The health policy says close more things down and stop people getting about unless it is essential to the NHS, basic utilities and the food supply that they do so. Keep them closed until the disease is tamed enough. The economic policy says close less down, re-open as quickly as possible, try to limit the economic damage.
Judging when to lift the new restrictions becomes the crucial decision. Do it too soon and the disease presumably leaps up again. Leave it too long and big swathes of the UK private sector will be excessively debt ridden or bankrupt.
So it would be good to have a bit more explanation from the epidemiologists how accurate their models are and when they judge it might be safe to reverse these measures. Learning from overseas countries ahead of us on the upwards curve of this disease is a good idea, but we need to understand the different bases of their figures and the big imperfections in them.
Some countries concentrate on testing after death. This can give a high death rate, as many people who get the disease and recover are never tested and counted, whilst many people who may die of something else can have death attributed to the virus they were carrying. There may also be false positives in the tests.
Some countries concentrate on testing those who declare symptoms, who mainly go on to recover. This may well produce a lower death rate, though the figures may still be way out as many people with symptoms or with the mild version of the disease may never report or seek a test. Some countries test key workers and patients at risk, yet another different set of figures.
It would be good to see test results based on a proper sample of the population to know how many already have it, compared to full testing on all those who have died from symptoms like the virus. It is still a medical judgement if the virus killed them. It will also be better when the new test to find those who have recovered from it and now have antibodies against it is available.

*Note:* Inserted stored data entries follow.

definition fin_dim_ops :: "(('n,'a::field) mpoly \<Rightarrow> ('n,'a) mpoly) set \<Rightarrow> bool" where
  "fin_dim_ops L \<longleftrightarrow> (\<exists>B. finite B \<and> (\<forall>D\<in>L. \<exists>c. D = (\<lambda>f. \<Sum>b\<in>B. op_scale (c b) b f)))"

definition proportional :: "('n \<Rightarrow> 'a::field) \<Rightarrow> ('n \<Rightarrow> 'a) \<Rightarrow> bool" where
  "proportional \<beta> \<gamma> \<longleftrightarrow> (\<exists>c. \<beta> = (\<lambda>j. c * \<gamma> j)) \<or> (\<exists>c. \<gamma> = (\<lambda>j. c * \<beta> j))"

end

theory Submission
  imports Defs
begin

text \<open>Suppose r, s > 0 and put u = r p + q. Bracketing r times with Delta^p_beta turns
  Delta^q_gamma into A = Delta^u_delta with delta in the span of beta and gamma. As
  <beta, u> = 0, the iterated brackets of A with Delta^p_beta are Delta^(p + m u)_(c_m beta) with
  c_m the product of the <delta, p + i u>, i < m. Tracking the coefficients of delta gives
  s <delta, p + m u> = a <gamma, p> ((r + 1) s + m (r s - 1)) with a <> 0, so no c_m vanishes.
  Applied to x_j with beta_j <> 0, these operators produce the infinitely many monomials
  x^(p + m u) x_j, which a finite dimensional space of operators cannot do.\<close>

lemma pair_add: "pair \<delta> (\<lambda>j. x j + y j) = pair \<delta> x + pair \<delta> y"
  by (simp add: pair_def sum.distrib distrib_left)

In the meantime government faces a difficult dilemma. Which of the many reports of various death rates and rates of new infection does it believe or does it think we are most likely to follow? At what point would it be safe to reverse these measures? When will we have in place sufficient tests to make the numbers more reliable than many of those from around the world using selective testing? People’s lives depend on these numbers . Millions of people’s livelihoods also depend on them, so they better be available soon and they better be reasonably accurate. The only justification for the economic misery is that the measures save lives. Giving businesses a better idea of how long it may take would also assist their plans and their financings.